The analysis of the binding pocket in the crystal structure of the μ opioid receptor shows important features that are conserved in the model structures. Both, 4T-hMOP-R and 2T-hMOP-R correctly orient the side chain of K2335.39 toward the binding pocket where it could covalently bind β-FNA, as observed in the crystal structure. The nine positions that directly interact with β-FNA in the crystal structure (D1473.32, Y1483.33, M1513.36, K2335.39, W2936.48, I2966.51, H2976.52, V3006.55, and Y3267.43) are displayed in figure 5A. These residues from the crystal structure are compared with the equivalent residues in 4T-hMOP-R and 2T-hMOP-R (Figures 5B and C). In general, the orientation of the side chains of these nine residues was correctly modeled with rmsd values with the side chains atom of the crystal structure of 1.4 Å and 1.6 Å for the 4T-hMOP-R and 2T-hMOP-R, respectively, even though no ligand was present in creating the models.

Figure 5

Binding pocket comparison. (A) The binding pocket of the crystal structure of mouse μ opioid receptor with the structure of β-FNA (magenta) is displayed. The nine residues that directly interact with β-FNA are indicated. (B) and (C) Comparison of the nine residues in the binding pocket of the crystal structure (yellow) and the 4T-hMOP-R (green) and 2T-hMOP-R (gray) models, respectively.

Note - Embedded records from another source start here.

(* Let $\Omega=D(0,1)\cup D(1,1)$ and let $\alpha(z)$ be a function such that: $\alpha$ is of finite Mittag-Leffler type in $\Omega$; $\alpha$ is holomorphic in $D(0,1)$; and $\alpha$ has at $z=1$ a pole of order $\nu\ge0$. Then there exists an integer $m\ge1$ such that $(z-1)^\nu\alpha(z)$ has a multi-power series expansion around $1$ that converges absolutely and uniformly on $$\Omega_m=\{z\in\mathbb C:\ |z|<2^{1/m},\ |\operatorname{Arg}(z)|<\tfrac{\pi}{2m}\}.$$ In particular, the Taylor expansion of $\alpha$ around $0$ is a tame power series.
   Context: $D(a,r)$ denotes the open disk of center $a$ and radius $r$. A function $\alpha$ is of finite Mittag-Leffler type in an open set $U$ if there is a finite set $S\subset U$ such that $\alpha$ is holomorphic on $U\setminus S$ and for each $q\in S$ there is an entire function $\alpha_q$ such that $\alpha(z)-\alpha_q\big(1/(z-q)\big)$ has a removable singularity at $q$. (Here $z=1$ may belong to $S$; a pole of order $0$ means holomorphic at $1$.) For $N\ge1$ and $\mathbf e=(e_1,\dots,e_N)\in\mathbb Z_{>0}^N$ let $\lambda_{\mathbf e}(z)=(z^{e_1},\dots,z^{e_N})$. A multi-power series around $1$ is a series $\sum_{\mathbf i\in\mathbb Z_{\ge0}^N}c_{\mathbf i}(\lambda_{\mathbf e}(z)-\mathbf 1)^{\mathbf i}$, where $\mathbf 1=(1,\dots,1)$ and $\mathbf w^{\mathbf i}=\prod_j w_j^{i_j}$; convergence is meant in the usual sense for such multi-indexed series. A power series $\alpha(z)=\sum_{n\ge0}a_{n+1}z^n$ is tame if (1) it converges on $D(0,1)$; (2) the function it represents extends holomorphically to a punctured neighborhood of $z=1$ with a pole of order $\nu\ge0$ at $z=1$; (3) on some open neighborhood of the interval $(0,1]$, $(z-1)^\nu\alpha(z)$ equals a multi-power series around $1$ converging absolutely and uniformly there. *)

theory Defs
  imports "HOL-Complex_Analysis.Complex_Analysis"
begin

definition finite_ML_type :: "(complex \<Rightarrow> complex) \<Rightarrow> complex set \<Rightarrow> bool" where
  "finite_ML_type \<alpha> U \<longleftrightarrow>
     (\<exists>S. finite S \<and> S \<subseteq> U \<and> \<alpha> holomorphic_on (U - S) \<and>
        (\<forall>q\<in>S. \<exists>\<alpha>q. \<alpha>q holomorphic_on UNIV \<and>
            (\<exists>l. ((\<lambda>z. \<alpha> z - \<alpha>q (1 / (z - q))) \<longlongrightarrow> l) (at q))))"

definition pole_of_order :: "(complex \<Rightarrow> complex) \<Rightarrow> complex \<Rightarrow> nat \<Rightarrow> bool" where
  "pole_of_order f p \<nu> \<longleftrightarrow>
     (if \<nu> = 0 then (\<exists>r>0. f holomorphic_on ball p r)
      else (\<exists>r>0. \<exists>g. g holomorphic_on ball p r \<and> g p \<noteq> 0 \<and>
                 (\<forall>z\<in>ball p r - {p}. f z = g z / (z - p) ^ \<nu>)))"

(* multi-indices in Z_{>=0}^N, as functions vanishing from N on *)
definition multi_idx :: "nat \<Rightarrow> (nat \<Rightarrow> nat) set" where
  "multi_idx N = {i. \<forall>j\<ge>N. i j = 0}"

(* the term c_i (lambda_e(z) - 1)^i *)
definition mps_term :: "nat \<Rightarrow> (nat \<Rightarrow> nat) \<Rightarrow> ((nat \<Rightarrow> nat) \<Rightarrow> complex) \<Rightarrow> complex
                        \<Rightarrow> (nat \<Rightarrow> nat) \<Rightarrow> complex" where
  "mps_term N e c z i = c i * (\<Prod>j<N. (z ^ e j - 1) ^ i j)"

definition multi_power_series_at_1 :: "complex set \<Rightarrow> (complex \<Rightarrow> complex) \<Rightarrow> bool" where
  "multi_power_series_at_1 U f \<longleftrightarrow>
     (\<exists>N e c. N \<ge> 1 \<and> (\<forall>j<N. e j > 0) \<and>
        (\<forall>z\<in>U. (\<lambda>i. norm (mps_term N e c z i)) summable_on multi_idx N \<and>
                 (mps_term N e c z has_sum f z) (multi_idx N)) \<and>
        uniform_limit U (\<lambda>F z. \<Sum>i\<in>F. mps_term N e c z i) f
            (finite_subsets_at_top (multi_idx N)) \<and>
        uniform_limit U (\<lambda>F z. \<Sum>i\<in>F. norm (mps_term N e c z i))
            (\<lambda>z. infsum (\<lambda>i. norm (mps_term N e c z i)) (multi_idx N))
            (finite_subsets_at_top (multi_idx N)))"

(* tame power series; b n is the coefficient of z^n (i.e. b n = a_(n+1)) *)
definition tame :: "(nat \<Rightarrow> complex) \<Rightarrow> bool" where
  "tame b \<longleftrightarrow>
     (\<forall>z\<in>ball 0 1. summable (\<lambda>n. b n * z ^ n)) \<and>
     (\<exists>h r \<nu>. r > 0 \<and>
        (\<forall>z\<in>ball 0 1. h z = (\<Sum>n. b n * z ^ n)) \<and>
        h holomorphic_on (ball 1 r - {1}) \<and>
        pole_of_order h 1 \<nu> \<and>
        (\<exists>U f. open U \<and> U \<subseteq> ball 0 1 \<union> ball 1 r \<and>
               of_real ` {0<..1} \<subseteq> U \<and>
               multi_power_series_at_1 U f \<and>
               (\<forall>z\<in>U - {1}. f z = (z - 1) ^ \<nu> * h z)))"

definition Omega_m :: "nat \<Rightarrow> complex set" where
  "Omega_m m = {z. z \<noteq> 0 \<and> norm z < 2 powr (1 / real m) \<and> \<bar>Arg z\<bar> < pi / (2 * real m)}"

end

theory Submission
  imports Defs
begin

text \<open>
  Write \<open>G z = (z - 1) ^ \<nu> * \<alpha> z\<close>; near \<open>1\<close> the pole is removed and the other singularities of
  \<alpha> stay away, so \<open>G\<close> is holomorphic on a lens \<open>ball 0 1 \<union> ball 1 d\<close>. A circle around \<open>1/2\<close>
  fits into the lens and encloses \<open>Omega_m m\<close> for large \<open>m\<close>, so \<open>G z\<close> is the Cauchy integral of
  \<open>G\<close> over this circle. Points \<open>z \<in> Omega_m m\<close> have small argument and modulus below
  \<open>2 powr (1/m)\<close>, hence \<open>z ^ e\<close> stays close to \<open>1\<close> for a finite set of exponents \<open>e\<close>, whereas
  every point \<open>t\<close> of the circle has large argument or large modulus, so that \<open>t ^ e\<close> is far
  from \<open>1\<close> for one of these exponents. Cutting the circle into arcs accordingly, on each arc
  \<open>1 / (t - z) = (\<Sum>k<e. z ^ k * t ^ (e - 1 - k)) / (t ^ e - z ^ e)\<close> expands geometrically in
  \<open>(z ^ e - 1) / (t ^ e - 1)\<close> and binomially in \<open>z - 1\<close>, with geometrically dominated terms.
  The arcs together give a multi-power series in the variables \<open>z ^ e - 1\<close>, converging
  absolutely and uniformly on \<open>Omega_m m\<close>; tameness then holds with \<open>U = Omega_m m\<close>.
\<close>

section \<open>Infinite sums and multi-power series\<close>

lemma has_sum_sum:
  fixes f :: "'i \<Rightarrow> 'a \<Rightarrow> 'b::topological_comm_monoid_add"
  assumes "finite L" "\<And>l. l \<in> L \<Longrightarrow> (f l has_sum s l) A"
  shows "((\<lambda>x. \<Sum>l\<in>L. f l x) has_sum (\<Sum>l\<in>L. s l)) A"
  using assms
proof (induction L rule: finite_induct)
  case (insert l L)
  then show ?case by (simp add: has_sum_add)
qed simp

lemma has_sum_lessThan_times_UNIV:
  fixes h :: "nat \<Rightarrow> 'i \<Rightarrow> 'b::topological_comm_monoid_add"
  assumes "\<And>i. i < e \<Longrightarrow> (h i has_sum s i) UNIV"
  shows "((\<lambda>(i, n). h i n) has_sum (\<Sum>i<e. s i)) ({..<e} \<times> UNIV)"
proof -
  have row: "((\<lambda>(i, n). h i n) has_sum s i) ({i} \<times> UNIV)" if "i < e" for i
  proof -
    have "((\<lambda>(i, n). h i n) has_sum s i) (Pair i ` UNIV) \<longleftrightarrow>
          (((\<lambda>(i, n). h i n) \<circ> Pair i) has_sum s i) UNIV"
      by (rule has_sum_reindex) (simp add: inj_on_def)
    then have "((\<lambda>(i, n). h i n) has_sum s i) (Pair i ` UNIV)"
      using assms[OF that] by (simp add: comp_def)
    moreover have "Pair i ` UNIV = {i} \<times> UNIV" by auto
    ultimately show ?thesis by metis
  qed
  have "((\<lambda>(i, n). h i n) has_sum (\<Sum>i<e. s i)) (\<Union>i<e. {i} \<times> UNIV)"
    by (rule sum_has_sum) (use row in auto)
  moreover have "(\<Union>i<e. {i} \<times> UNIV) = {..<e} \<times> (UNIV :: 'i set)" by auto
  ultimately show ?thesis by simp
qed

In conclusion, using the newly available crystal structure the murine μ opioid receptor, we demonstrated the relative accuracy of the homology modeling for μ opioid receptor. The addition of more templates improved the accuracy of the model. This was especially relevant in the case of important receptor regions such as the DRY motif, which has been related with receptor activation, and the ligand binding pocket. Additionally, this study shows that some degree of receptor sequence similarity is useful in homology modeling: in the case of the loop EC2 where little consensus in about the alignment was observed, a β-sheet rather than α-helical structure was observed in the crystal structure. The findings have significant implication for the construction of model structures of GPCRs, particularly those of the same family, where crystal structures are still unavailable. Such models can guide the interpretation of experimental findings, the creation of structure-based models for receptor activation, and the formulation of hypotheses regarding these important receptors.